*** Opening of Material to process ***

(* Let $d,K,L,M,N\in\mathbb N$ and let $w_{k,l,m},x_{k,l,n}\in\mathbb R^d$ for $k\in[K],l\in[L],m\in[M],n\in[N]$. Suppose that for all $k\in[K]$, $$\sum_{j=1}^k\Big(\sum_{(l,m,n)\in[L]\times[M]\times[N]}|w_{k,l,m}^Tx_{j,l,n}|\Big)^2\le\beta,\qquad\sum_{l=1}^L\sum_{m=1}^M\|w_{k,l,m}\|_1\le G_w,\qquad\sum_{l=1}^L\sum_{n=1}^N\|x_{k,l,n}\|_1\le G_x,$$ with $G_w,G_x>0$. Then for any $\lambda>0$, $$\sum_{k=1}^K\sum_{(l,m,n)\in[L]\times[M]\times[N]}|w_{k,l,m}^Tx_{k,l,n}|\le\sqrt{(\lambda+\beta)\,dLMK\log\Big(1+\frac{MG_w^2G_x^2K}{dL\lambda}\Big)}.$$ *)

theory Defs
  imports "HOL-Analysis.Analysis"
begin

definition l1norm :: "real ^ 'd \<Rightarrow> real" where
  "l1norm x = (\<Sum>i\<in>UNIV. \<bar>x $ i\<bar>)"

end

theory Submission
  imports Defs
begin

text \<open>
  Put \<open>z\<^sub>k\<^sub>l\<^sub>m = \<Sum>\<^sub>n sgn (w\<^sub>k\<^sub>l\<^sub>m \<bullet> x\<^sub>k\<^sub>l\<^sub>n) x\<^sub>k\<^sub>l\<^sub>n\<close>, so that the left-hand side is \<open>\<Sum> w\<^sub>k\<^sub>l\<^sub>m \<bullet> z\<^sub>k\<^sub>l\<^sub>m\<close>.
  For each \<open>l\<close>, list the \<open>z\<^sub>k\<^sub>l\<^sub>m\<close> as one sequence of \<open>KM\<close> rounds (block \<open>k\<close>, position \<open>m\<close>) and
  let \<open>V\<close> be the regularized Gram matrix \<open>c I + \<Sum> z z\<^sup>T\<close> of the rounds up to the current one,
  with \<open>c = \<lambda> / G\<^sub>w\<^sup>2\<close>. Cauchy--Schwarz in the norm of \<open>V\<close> bounds the sum by
  \<open>(\<Sum> w\<^sup>T V w)\<^sup>1\<^sup>/\<^sup>2 (\<Sum> z\<^sup>T V\<^sup>-\<^sup>1 z)\<^sup>1\<^sup>/\<^sup>2\<close>. Since \<open>V\<close> only involves blocks \<open>j \<le> k\<close>, the first sum
  is at most \<open>K (\<lambda> + M \<beta>)\<close> by the hypotheses on \<open>\<beta>\<close> and \<open>G\<^sub>w\<close>. The second is the elliptical
  potential, at most \<open>d log (det V / c\<^sup>d)\<close> by the matrix determinant lemma; Hadamard's inequality
  and concavity of \<open>log\<close> turn this into \<open>d L log (1 + K M G\<^sub>x\<^sup>2 / (d L c))\<close>.
\<close>

section \<open>Positive definite matrices\<close>

definition positive_definite :: "real^'n^'n \<Rightarrow> bool" where
  "positive_definite A \<longleftrightarrow> (\<forall>x. x \<noteq> 0 \<longrightarrow> 0 < x \<bullet> (A *v x))"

*** Close of Material to process ***

**About this exercise**
Your answer should consist of the lines above that hold the word "rounds".

**Written reply**
  For each \<open>l\<close>, list the \<open>z\<^sub>k\<^sub>l\<^sub>m\<close> as one sequence of \<open>KM\<close> rounds (block \<open>k\<close>, position \<open>m\<close>) and
  let \<open>V\<close> be the regularized Gram matrix \<open>c I + \<Sum> z z\<^sup>T\<close> of the rounds up to the current one,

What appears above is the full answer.